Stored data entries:
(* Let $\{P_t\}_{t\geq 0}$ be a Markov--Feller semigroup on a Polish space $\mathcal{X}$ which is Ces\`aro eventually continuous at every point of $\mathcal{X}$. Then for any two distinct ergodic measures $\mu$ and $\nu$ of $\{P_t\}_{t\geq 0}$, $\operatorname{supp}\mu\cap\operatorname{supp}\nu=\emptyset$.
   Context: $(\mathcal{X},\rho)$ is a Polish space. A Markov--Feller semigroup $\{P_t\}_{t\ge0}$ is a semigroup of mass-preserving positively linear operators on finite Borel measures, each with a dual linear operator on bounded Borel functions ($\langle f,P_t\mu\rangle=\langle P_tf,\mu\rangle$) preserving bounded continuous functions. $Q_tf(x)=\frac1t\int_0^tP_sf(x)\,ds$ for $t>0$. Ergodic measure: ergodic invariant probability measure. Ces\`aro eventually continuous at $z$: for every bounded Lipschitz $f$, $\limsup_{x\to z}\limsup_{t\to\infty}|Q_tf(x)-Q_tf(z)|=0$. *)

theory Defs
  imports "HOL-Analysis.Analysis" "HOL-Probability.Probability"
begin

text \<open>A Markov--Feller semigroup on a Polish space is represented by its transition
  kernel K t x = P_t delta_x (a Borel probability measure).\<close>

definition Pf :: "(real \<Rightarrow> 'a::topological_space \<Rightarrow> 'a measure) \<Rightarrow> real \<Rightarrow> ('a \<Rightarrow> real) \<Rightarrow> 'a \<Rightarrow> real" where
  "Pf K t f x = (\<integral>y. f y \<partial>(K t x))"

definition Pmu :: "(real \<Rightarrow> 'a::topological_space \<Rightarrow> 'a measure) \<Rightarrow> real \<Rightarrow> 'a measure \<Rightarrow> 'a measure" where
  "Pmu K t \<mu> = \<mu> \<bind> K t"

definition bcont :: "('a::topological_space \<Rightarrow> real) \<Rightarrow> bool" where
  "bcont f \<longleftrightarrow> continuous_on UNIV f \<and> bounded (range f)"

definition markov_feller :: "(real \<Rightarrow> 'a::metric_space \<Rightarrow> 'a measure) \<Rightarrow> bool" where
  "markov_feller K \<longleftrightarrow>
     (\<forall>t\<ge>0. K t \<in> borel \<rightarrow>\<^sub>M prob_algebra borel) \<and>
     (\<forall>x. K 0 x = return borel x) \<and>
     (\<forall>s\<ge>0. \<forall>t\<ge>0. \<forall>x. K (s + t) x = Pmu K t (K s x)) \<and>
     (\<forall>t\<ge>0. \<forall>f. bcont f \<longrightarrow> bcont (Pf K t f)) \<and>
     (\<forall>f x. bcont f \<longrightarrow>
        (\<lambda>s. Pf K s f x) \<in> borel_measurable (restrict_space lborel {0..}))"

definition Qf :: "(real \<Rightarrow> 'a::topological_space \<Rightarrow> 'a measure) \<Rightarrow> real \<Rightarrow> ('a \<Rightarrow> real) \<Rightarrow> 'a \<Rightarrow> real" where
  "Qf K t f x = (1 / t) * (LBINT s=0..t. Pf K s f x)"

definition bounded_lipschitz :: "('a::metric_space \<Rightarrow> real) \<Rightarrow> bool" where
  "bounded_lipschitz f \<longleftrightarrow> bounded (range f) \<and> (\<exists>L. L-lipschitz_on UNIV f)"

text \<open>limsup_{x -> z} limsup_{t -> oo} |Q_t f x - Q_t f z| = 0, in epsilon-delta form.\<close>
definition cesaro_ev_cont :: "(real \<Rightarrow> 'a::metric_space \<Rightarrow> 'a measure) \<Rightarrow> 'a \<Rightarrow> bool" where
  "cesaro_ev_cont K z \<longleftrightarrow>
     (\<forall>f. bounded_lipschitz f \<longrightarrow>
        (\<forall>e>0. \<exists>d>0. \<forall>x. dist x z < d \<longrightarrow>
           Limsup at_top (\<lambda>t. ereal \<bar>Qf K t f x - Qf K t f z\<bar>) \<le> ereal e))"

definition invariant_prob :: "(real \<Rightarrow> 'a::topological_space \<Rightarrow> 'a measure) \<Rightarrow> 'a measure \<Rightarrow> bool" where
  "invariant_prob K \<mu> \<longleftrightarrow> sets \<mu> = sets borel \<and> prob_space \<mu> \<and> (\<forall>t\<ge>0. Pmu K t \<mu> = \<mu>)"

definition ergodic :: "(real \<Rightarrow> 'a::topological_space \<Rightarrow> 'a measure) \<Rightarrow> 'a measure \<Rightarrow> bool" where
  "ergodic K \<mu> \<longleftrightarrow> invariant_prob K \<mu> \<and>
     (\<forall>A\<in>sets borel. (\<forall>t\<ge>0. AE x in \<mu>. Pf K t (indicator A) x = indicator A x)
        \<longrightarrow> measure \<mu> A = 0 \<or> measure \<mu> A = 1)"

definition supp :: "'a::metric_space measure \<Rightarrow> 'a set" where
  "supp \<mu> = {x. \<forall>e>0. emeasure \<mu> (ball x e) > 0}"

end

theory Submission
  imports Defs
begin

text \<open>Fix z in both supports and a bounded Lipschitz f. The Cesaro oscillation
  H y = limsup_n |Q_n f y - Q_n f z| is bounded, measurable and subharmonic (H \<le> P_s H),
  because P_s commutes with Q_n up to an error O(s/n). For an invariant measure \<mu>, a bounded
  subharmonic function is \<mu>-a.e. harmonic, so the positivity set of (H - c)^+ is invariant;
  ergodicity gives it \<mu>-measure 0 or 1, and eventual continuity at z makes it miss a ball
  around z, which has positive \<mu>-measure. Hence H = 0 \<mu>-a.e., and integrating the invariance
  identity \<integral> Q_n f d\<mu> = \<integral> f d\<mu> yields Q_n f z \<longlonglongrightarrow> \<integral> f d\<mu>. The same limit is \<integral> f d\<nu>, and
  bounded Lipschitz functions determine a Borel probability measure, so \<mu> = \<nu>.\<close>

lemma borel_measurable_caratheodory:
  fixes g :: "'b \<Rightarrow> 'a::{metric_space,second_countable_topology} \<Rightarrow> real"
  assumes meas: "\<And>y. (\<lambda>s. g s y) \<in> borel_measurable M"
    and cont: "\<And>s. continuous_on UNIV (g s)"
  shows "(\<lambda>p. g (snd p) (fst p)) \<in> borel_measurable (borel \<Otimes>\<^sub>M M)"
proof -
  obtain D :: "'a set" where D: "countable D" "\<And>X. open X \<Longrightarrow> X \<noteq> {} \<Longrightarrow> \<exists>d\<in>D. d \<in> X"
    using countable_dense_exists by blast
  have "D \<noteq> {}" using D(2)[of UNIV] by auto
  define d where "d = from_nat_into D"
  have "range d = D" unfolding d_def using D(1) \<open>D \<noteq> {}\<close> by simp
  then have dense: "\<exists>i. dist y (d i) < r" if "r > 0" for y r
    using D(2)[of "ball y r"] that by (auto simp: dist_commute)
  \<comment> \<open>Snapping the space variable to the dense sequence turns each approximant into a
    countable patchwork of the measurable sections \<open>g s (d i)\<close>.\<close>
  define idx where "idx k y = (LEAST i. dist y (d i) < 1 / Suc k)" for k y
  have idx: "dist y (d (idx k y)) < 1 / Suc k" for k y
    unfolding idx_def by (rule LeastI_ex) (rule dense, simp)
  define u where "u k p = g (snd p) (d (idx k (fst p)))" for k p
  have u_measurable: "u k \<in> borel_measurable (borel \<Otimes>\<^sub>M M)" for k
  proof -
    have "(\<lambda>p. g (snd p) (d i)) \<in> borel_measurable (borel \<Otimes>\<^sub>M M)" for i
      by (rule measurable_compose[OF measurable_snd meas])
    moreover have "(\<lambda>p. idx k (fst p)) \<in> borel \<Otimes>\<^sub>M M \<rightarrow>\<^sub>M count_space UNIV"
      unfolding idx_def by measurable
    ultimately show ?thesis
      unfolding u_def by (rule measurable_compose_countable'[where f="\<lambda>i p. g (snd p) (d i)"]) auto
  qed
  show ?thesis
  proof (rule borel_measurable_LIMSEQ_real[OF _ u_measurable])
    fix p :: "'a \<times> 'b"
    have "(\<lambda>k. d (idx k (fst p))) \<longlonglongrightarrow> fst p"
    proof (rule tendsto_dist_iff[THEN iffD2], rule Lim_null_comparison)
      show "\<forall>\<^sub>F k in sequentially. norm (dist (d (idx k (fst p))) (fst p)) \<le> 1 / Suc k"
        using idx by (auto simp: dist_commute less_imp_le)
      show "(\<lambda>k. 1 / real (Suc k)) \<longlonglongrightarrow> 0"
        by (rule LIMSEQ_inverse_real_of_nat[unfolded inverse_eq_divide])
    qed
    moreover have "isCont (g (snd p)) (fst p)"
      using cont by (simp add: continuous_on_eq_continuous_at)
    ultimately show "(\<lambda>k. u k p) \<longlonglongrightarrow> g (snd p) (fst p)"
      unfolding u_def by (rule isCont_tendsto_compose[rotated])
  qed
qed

Action item: Run a filter over the data above and keep each line that contains the word "open".

Answer to this problem:
text \<open>A Markov--Feller semigroup on a Polish space is represented by its transition
text \<open>limsup_{x -> z} limsup_{t -> oo} |Q_t f x - Q_t f z| = 0, in epsilon-delta form.\<close>
text \<open>Fix z in both supports and a bounded Lipschitz f. The Cesaro oscillation
  obtain D :: "'a set" where D: "countable D" "\<And>X. open X \<Longrightarrow> X \<noteq> {} \<Longrightarrow> \<exists>d\<in>D. d \<in> X"
  have "range d = D" unfolding d_def using D(1) \<open>D \<noteq> {}\<close> by simp
  \<comment> \<open>Snapping the space variable to the dense sequence turns each approximant into a
    countable patchwork of the measurable sections \<open>g s (d i)\<close>.\<close>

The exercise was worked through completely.